Вот черное масляное пятно на асфальте. Вот почти стершаяся разделительная полоса, грязные следы протекторов. Слева мчится на полной скорости грузовик («Почему я не могу разглядеть ни его марки, ни даже цвета?») и… кто-то включил электропилу, надавил на нее изо всей силы, вгрызаясь в фанерный лист…

В последний момент он успел представить, как во все стороны брызнули желтые опилки… Но представил это уже там, во дворе, у подъезда, из которого выходил в четвертый раз за сегодняшнее утро.

3.

«Москвича» Ботика во дворе уже не было. Там, где он только что находился, осталось пятно сухого асфальта и безобразные (экологи, где вы?) потеки машинного масла.

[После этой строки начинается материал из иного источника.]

lemma Gk_crossing_number_lower_bound:
  assumes dec: "tree_cut_decomp (Gk_vertices n K) (Gk_edges n K) N ET X"
    and thick: "thickness N X \<le> \<alpha>" and "\<alpha> < n"
  shows "K - 2 * \<alpha> \<le> 2 * crossing_number (Gk_edges n K) N ET X"
proof -
  let ?cr = "cross_at (Gk_edges n K) N ET X"
  let ?c = "crossing_number (Gk_edges n K) N ET X"
  have fin: "finite N" and conn: "\<forall>u \<in> N. \<forall>v \<in> N. reach_in N ET u v"
    and acyc: "\<not> has_cycle ET"
    using dec by (simp_all add: tree_cut_decomp_def is_tree_def)
  have bag: "card (X s) \<le> \<alpha>" if "s \<in> N" for s
    using card_bag_le_thickness[OF fin that, of X] thick by linarith
  have cr: "?cr s \<le> ?c" if "s \<in> N" for s
    using cross_at_le_crossing_number[OF fin that] .
  have one: "1 \<in> {1..n}" using \<open>\<alpha> < n\<close> by simp
  obtain t where t: "t \<in> N" "Inl 1 \<in> X t"
    using tree_cut_decomp_bag_exists[OF dec Inl_in_Gk_vertices[OF one]] by blast
  have "card (X t) < n" using bag[OF t(1)] \<open>\<alpha> < n\<close> by linarith
  then obtain a where a: "a \<in> {1..n}" "Inl a \<notin> X t"
    using Inl_outside_small_set[OF tree_cut_decomp_finite_bag[OF dec finite_Gk_vertices t(1)]]
    by blast
  obtain c where c: "c \<in> N" "Inl a \<in> X c"
    using tree_cut_decomp_bag_exists[OF dec Inl_in_Gk_vertices[OF a(1)]] by blast
  have "c \<noteq> t" using a(2) c(2) by blast
  then obtain t' where t': "{t, t'} \<in> ET" "t' \<in> N" "t' \<noteq> t" "reach_in (N - {t}) ET t' c"
    using reach_in_first_step[of N ET t c] conn t(1) c(1) by blast
  show ?thesis
  proof (cases "\<exists>q \<in> {1..n}. Inl q \<in> X t'")
    case True
    then obtain q where "q \<in> {1..n}" "Inl q \<in> X t'" by blast
    then have "K - (card (X t) + card (X t')) \<le> ?cr t + ?cr t'"
      using Gk_cross_at_tree_edge[OF dec t'(1) _ t(1) t'(2) one] t(2) t'(3) by metis
    then show ?thesis using cr[OF t(1)] cr[OF t'(2)] bag[OF t(1)] bag[OF t'(2)] by linarith
  next
    case False
    then have "c \<noteq> t'" using a(1) c(2) by blast
    have "\<not> reach_in (N - {t'}) ET t c"
      using acyclic_edge_separates[OF acyc t'(1) _ t'(2)] t'(3,4) by blast
    then have "K - card (X t') \<le> ?cr t'"
      using Gk_cross_at_ge_if_separated[OF dec t'(2) one a(1) t(2) c(2)] t(1) c(1) t'(3) \<open>c \<noteq> t'\<close>
      by blast
    then show ?thesis using cr[OF t'(2)] bag[OF t'(2)] by linarith
  qed
qed

theorem lemma3p3:
  fixes \<alpha> k :: nat
  assumes "\<alpha> \<ge> 1" and "k \<ge> 1"
  shows "ecrw \<alpha> (Gk_vertices (\<alpha> + 1) (3 * k + 3 * \<alpha> - 1))
                 (Gk_edges (\<alpha> + 1) (3 * k + 3 * \<alpha> - 1)) \<ge> k + 1"
proof -
  define n where "n = \<alpha> + 1"
  define K where "K = 3 * k + 3 * \<alpha> - 1"
  let ?S = "{crossing_number (Gk_edges n K) N ET X | (N :: nat set) ET X.
       tree_cut_decomp (Gk_vertices n K) (Gk_edges n K) N ET X \<and> thickness N X \<le> \<alpha>}"
  have "Gk_vertices n K \<noteq> {}" using Inl_in_Gk_vertices[of 1 n K] by (auto simp: n_def)
  then obtain N :: "nat set" and ET X where
    "tree_cut_decomp (Gk_vertices n K) (Gk_edges n K) N ET X" "thickness N X \<le> 1"
    using tree_cut_decomp_thickness_one[OF finite_Gk_vertices] by blast
  then have "?S \<noteq> {}" using assms(1) by fastforce
  moreover have "k + 1 \<le> x" if "x \<in> ?S" for x
  proof -
    have "K - 2 * \<alpha> \<le> 2 * x"
      using that Gk_crossing_number_lower_bound[of n K _ _ _ \<alpha>] unfolding n_def by fastforce
    then show ?thesis using assms by (simp add: K_def)
  qed
  ultimately have "k + 1 \<le> Inf ?S" by (blast intro: cInf_greatest)
  then show ?thesis unfolding ecrw_def n_def K_def .
qed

Бачагуров перевел взгляд на окно, откуда так недавно (давно?) смотрела на него (не на него?) жена, Маша.

«Дело в том, — ему хотелось, чтобы его выслушали, хотелось объяснить кому-то, хотя бы даже гражданам из числа неорганизованных для дела охраны общенародных средств производства и строительных материалов, хотя бы и самому Ботику Матвею Матвеевичу — кому угодно, но за неимением слушателя стал объяснять самому себе: — Дело в том, что она, жена, провожала меня (или не меня, а вас, уважаемый, будь ты трижды проклят, товарищ Ботик) на работу. Провожала так же, как провожает всегда: вчера, и позавчера, и уже восемнадцать лет нашей бездетной радостной жизни, исключая, конечно, субботы, воскресенья, Восьмое марта и другие дни всенародных праздников. Провожала, смотрела вслед, а потом… потом началось непонятное…»

«Шутите, гражданин?» — послышалось (или показалось, что послышалось?) вдруг в ответ.

«Уж не глас ли это судьбы?» — засуетился, завертелся волчком Бочургаров, ибо к чему, к чему, а к судьбе, ее игре и непредсказуемым причудам всегда относился всерьез и с уважением, со страхом тайным относился.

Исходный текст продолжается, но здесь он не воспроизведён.